(* Let $\mathbb{F}$ be a finite field, $G\subseteq\mathbb{F}$, $m,k\in\mathbb{N}$, and $d,d'\in\mathbb{N}$ with $d'\ge2(|G|-1)$. Let $Q\subseteq\mathbb{F}^{m+k}$ with $|Q|<|G|^k$, and let $Z$ be uniformly random in $\mathbb{F}^{\le d,\le d'}[X_1,\dots,X_m,Y_1,\dots,Y_k]$. Then the random vectors $\big(\sum_{\vec y\in G^k}Z(\vec\alpha,\vec y)\big)_{\vec\alpha\in\mathbb{F}^m}$ and $\big(Z(\vec q)\big)_{\vec q\in Q}$ are statistically independent.
   Context: $\mathbb{F}^{\le d,\le d'}[X_1,\dots,X_m,Y_1,\dots,Y_k]$ denotes the set of $(m+k)$-variate polynomials over $\mathbb{F}$ of individual degree at most $d$ in each of $X_1,\dots,X_m$ and at most $d'$ in each of $Y_1,\dots,Y_k$. *)

theory Defs
  imports "HOL-Probability.Probability_Mass_Function"
begin

definition ideg_exps :: "nat \<Rightarrow> nat \<Rightarrow> nat \<Rightarrow> nat \<Rightarrow> (nat list \<times> nat list) set" where
  "ideg_exps m k d d' =
     {e. length e = m \<and> (\<forall>i\<in>set e. i \<le> d)} \<times> {f. length f = k \<and> (\<forall>j\<in>set f. j \<le> d')}"

text \<open>The polynomial space F^{<=d,<=d'}[X_1..X_m,Y_1..Y_k], represented by coefficient
  functions on exponent vectors supported in ideg_exps.\<close>
definition ideg_polys :: "nat \<Rightarrow> nat \<Rightarrow> nat \<Rightarrow> nat \<Rightarrow> ((nat list \<times> nat list) \<Rightarrow> 'a::zero) set" where
  "ideg_polys m k d d' = {c. \<forall>ef. ef \<notin> ideg_exps m k d d' \<longrightarrow> c ef = 0}"

definition ideg_eval :: "nat \<Rightarrow> nat \<Rightarrow> nat \<Rightarrow> nat \<Rightarrow> ((nat list \<times> nat list) \<Rightarrow> 'a::comm_ring_1)
    \<Rightarrow> 'a list \<Rightarrow> 'a list \<Rightarrow> 'a" where
  "ideg_eval m k d d' c xs ys =
     (\<Sum>(e, f)\<in>ideg_exps m k d d'. c (e, f) * (\<Prod>i<m. xs ! i ^ (e ! i)) * (\<Prod>j<k. ys ! j ^ (f ! j)))"

definition vecs :: "nat \<Rightarrow> 'a set \<Rightarrow> 'a list set" where
  "vecs n S = {v. length v = n \<and> set v \<subseteq> S}"

end

theory Submission
  imports Defs "HOL-Library.Function_Algebras"
begin

text \<open>
  Both statistics are linear in \<open>Z\<close>, so under the uniform distribution each is uniform on
  its image, and they are independent as soon as their joint image is the product of the two
  images. Let \<open>T\<close> be the set of \<open>Y\<close>-parts of the points of \<open>Q\<close>. As \<open>|T| < |G|^k\<close>, pigeonhole
  gives a nonzero polynomial of individual degree \<open>< |G|\<close> vanishing on \<open>T\<close>; interpolation on
  \<open>G^k\<close> shows it is nonzero at some grid point \<open>h\<close>, and multiplying by the Lagrange polynomial of
  \<open>h\<close> and normalising yields \<open>p(Y)\<close> of individual degree \<open>\<le> 2(|G| - 1)\<close> that vanishes on \<open>T\<close> and
  sums to \<open>1\<close> over \<open>G^k\<close>. The map \<open>Z \<mapsto> (\<Sum>y\<in>G^k. Z(X, y)) \<cdot> p(Y)\<close> preserves the grid sums and
  vanishes on \<open>Q\<close>, so the grid sums of one polynomial can be combined with the values on \<open>Q\<close> of
  any other.
\<close>

section \<open>Independence of linear statistics of a uniform element\<close>

text \<open>Level sets being cosets of the kernel is all that is used of a homomorphism; it also covers
  maps such as \<open>\<lambda>x. restrict (f x) S\<close>, which are not additive.\<close>
definition fibres_are_cosets :: "'v::ab_group_add set \<Rightarrow> ('v \<Rightarrow> 'w) \<Rightarrow> bool" where
  "fibres_are_cosets V \<phi> \<longleftrightarrow> (\<forall>x\<in>V. \<forall>y\<in>V. \<phi> x = \<phi> y \<longleftrightarrow> \<phi> (x - y) = \<phi> 0)"

lemma fibres_are_cosetsD:
  "fibres_are_cosets V \<phi> \<Longrightarrow> x \<in> V \<Longrightarrow> y \<in> V \<Longrightarrow> \<phi> x = \<phi> y \<longleftrightarrow> \<phi> (x - y) = \<phi> 0"
  by (simp add: fibres_are_cosets_def)

lemma fibres_are_cosets_pair:
  assumes "fibres_are_cosets V \<phi>" "fibres_are_cosets V \<psi>"
  shows "fibres_are_cosets V (\<lambda>x. (\<phi> x, \<psi> x))"
  using assms by (simp add: fibres_are_cosets_def)

lemma fibres_are_cosets_restrict:
  fixes f :: "'v::ab_group_add \<Rightarrow> 'i \<Rightarrow> 'b::ab_group_add"
  assumes add: "\<And>x y i. f (x + y) i = f x i + f y i"
  shows "fibres_are_cosets V (\<lambda>x. restrict (f x) S)"
proof -
  have diff: "f (x - y) i = f x i - f y i" for x y i
    using add[of "x - y" y i] by (simp add: algebra_simps)
  have "restrict (f x) S = restrict (f y) S \<longleftrightarrow> restrict (f (x - y)) S = restrict (f 0) S" for x y
    using diff[of 0 0] by (auto simp: diff fun_eq_iff restrict_def)
  then show ?thesis
    by (simp add: fibres_are_cosets_def)
qed

locale finite_additive_subgroup =
  fixes V :: "'v::ab_group_add set"
  assumes finite: "finite V"
    and zero_mem: "0 \<in> V"
    and add_mem: "x \<in> V \<Longrightarrow> y \<in> V \<Longrightarrow> x + y \<in> V"
    and uminus_mem: "x \<in> V \<Longrightarrow> - x \<in> V"
begin

lemma diff_mem: "x \<in> V \<Longrightarrow> y \<in> V \<Longrightarrow> x - y \<in> V"
  using add_mem[OF _ uminus_mem] by simp

lemma card_fibre_eq_card_kernel:
  assumes cosets: "fibres_are_cosets V \<phi>" and "z \<in> V"
  shows "card {x\<in>V. \<phi> x = \<phi> z} = card {x\<in>V. \<phi> x = \<phi> 0}"
proof -
  let ?K = "{x\<in>V. \<phi> x = \<phi> 0}"
  have shift: "\<phi> (t + z) = \<phi> z \<longleftrightarrow> \<phi> t = \<phi> 0" if "t \<in> V" for t
    using fibres_are_cosetsD[OF cosets add_mem[OF that \<open>z \<in> V\<close>] \<open>z \<in> V\<close>] by simp
  have image: "(\<lambda>t. t + z) ` ?K = {x\<in>V. \<phi> x = \<phi> z}"
  proof (intro equalityI subsetI)
    fix x assume "x \<in> {x\<in>V. \<phi> x = \<phi> z}"
    then have "x - z \<in> ?K"
      using diff_mem[of x z] shift[of "x - z"] \<open>z \<in> V\<close> by simp
    then show "x \<in> (\<lambda>t. t + z) ` ?K"
      by (rule rev_image_eqI) simp
  next
    fix x assume "x \<in> (\<lambda>t. t + z) ` ?K"
    then obtain t where "t \<in> ?K" "x = t + z"
      by blast
    then show "x \<in> {x\<in>V. \<phi> x = \<phi> z}"
      using add_mem[of t z] shift[of t] \<open>z \<in> V\<close> by simp
  qed
  have "inj_on (\<lambda>t. t + z) ?K"
    by (rule inj_onI) (simp only: add_right_cancel)
  from card_image[OF this] show ?thesis
    unfolding image .
qed

lemma prob_fibre:
  assumes "fibres_are_cosets V \<phi>"
  shows "measure_pmf.prob (pmf_of_set V) {x. \<phi> x = c} = (if c \<in> \<phi> ` V then 1 / card (\<phi> ` V) else 0)"
proof -
  define K where "K = {x\<in>V. \<phi> x = \<phi> 0}"
  have fibre: "card {x\<in>V. \<phi> x = c} = card K" if "c \<in> \<phi> ` V" for c
    using that card_fibre_eq_card_kernel[OF assms] unfolding K_def by blast
  have "card V = (\<Sum>c\<in>\<phi> ` V. card {x\<in>V. \<phi> x = c})"
    using sum.image_gen[OF finite, of "\<lambda>_. 1 :: nat" \<phi>] by simp
  also have "\<dots> = (\<Sum>c\<in>\<phi> ` V. card K)"
    by (rule sum.cong[OF refl fibre])
  also have "\<dots> = card (\<phi> ` V) * card K"
    by simp
  finally have card_V: "card V = card (\<phi> ` V) * card K" .
  have "0 \<in> K"
    using zero_mem by (simp add: K_def)
  then have "card K > 0"
    using finite by (auto simp: K_def card_gt_0_iff)
  have "V \<inter> {x. \<phi> x = c} = {x\<in>V. \<phi> x = c}"
    by blast
  then have "measure_pmf.prob (pmf_of_set V) {x. \<phi> x = c} = card {x\<in>V. \<phi> x = c} / card V"
    using measure_pmf_of_set[of V "{x. \<phi> x = c}"] zero_mem finite by auto
  also have "\<dots> = (if c \<in> \<phi> ` V then 1 / card (\<phi> ` V) else 0)"
  proof (cases "c \<in> \<phi> ` V")
    case True
    then show ?thesis
      using fibre[OF True] card_V \<open>card K > 0\<close> by simp
  next
    case False
    then have "{x\<in>V. \<phi> x = c} = {}"
      by blast
    then show ?thesis
      unfolding \<open>{x\<in>V. \<phi> x = c} = {}\<close> using False by simp
  qed
  finally show ?thesis .
qed

lemma prob_independent:
  assumes "fibres_are_cosets V \<phi>" "fibres_are_cosets V \<psi>"
    and decouple: "\<And>x y. x \<in> V \<Longrightarrow> y \<in> V \<Longrightarrow> \<exists>z\<in>V. \<phi> z = \<phi> x \<and> \<psi> z = \<psi> y"
  shows "measure_pmf.prob (pmf_of_set V) {x. \<phi> x = a \<and> \<psi> x = b}
       = measure_pmf.prob (pmf_of_set V) {x. \<phi> x = a} * measure_pmf.prob (pmf_of_set V) {x. \<psi> x = b}"
proof -
  have "\<phi> ` V \<times> \<psi> ` V \<subseteq> (\<lambda>x. (\<phi> x, \<psi> x)) ` V"
  proof
    fix c assume "c \<in> \<phi> ` V \<times> \<psi> ` V"
    then obtain x y where "x \<in> V" "y \<in> V" "c = (\<phi> x, \<psi> y)"
      by blast
    moreover obtain z where "z \<in> V" "\<phi> z = \<phi> x" "\<psi> z = \<psi> y"
      using decouple[OF \<open>x \<in> V\<close> \<open>y \<in> V\<close>] by blast
    ultimately have "c = (\<phi> z, \<psi> z)"
      by simp
    then show "c \<in> (\<lambda>x. (\<phi> x, \<psi> x)) ` V"
      using \<open>z \<in> V\<close> by (rule image_eqI)
  qed
  moreover have "(\<lambda>x. (\<phi> x, \<psi> x)) ` V \<subseteq> \<phi> ` V \<times> \<psi> ` V"
    by auto
  ultimately have image: "(\<lambda>x. (\<phi> x, \<psi> x)) ` V = \<phi> ` V \<times> \<psi> ` V"
    by (rule equalityI[rotated])
  have "{x. \<phi> x = a \<and> \<psi> x = b} = {x. (\<phi> x, \<psi> x) = (a, b)}"
    by simp
  then have "measure_pmf.prob (pmf_of_set V) {x. \<phi> x = a \<and> \<psi> x = b}
      = (if (a, b) \<in> \<phi> ` V \<times> \<psi> ` V then 1 / card (\<phi> ` V \<times> \<psi> ` V) else 0)"
    using prob_fibre[OF fibres_are_cosets_pair[OF assms(1,2)], of "(a, b)"] unfolding image by simp
  then show ?thesis
    unfolding prob_fibre[OF assms(1)] prob_fibre[OF assms(2)] by (simp add: card_cartesian_product)
qed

- **The task**
Give back exactly the lines above starting at the line where "z \<longleftrightarrow> \<phi>" appears and ending at the line where "using fibres_are_cosetsD[OF cosets" appears, both included, with no other lines.

- **Answer to the exercise**
  have shift: "\<phi> (t + z) = \<phi> z \<longleftrightarrow> \<phi> t = \<phi> 0" if "t \<in> V" for t
    using fibres_are_cosetsD[OF cosets add_mem[OF that \<open>z \<in> V\<close>] \<open>z \<in> V\<close>] by simp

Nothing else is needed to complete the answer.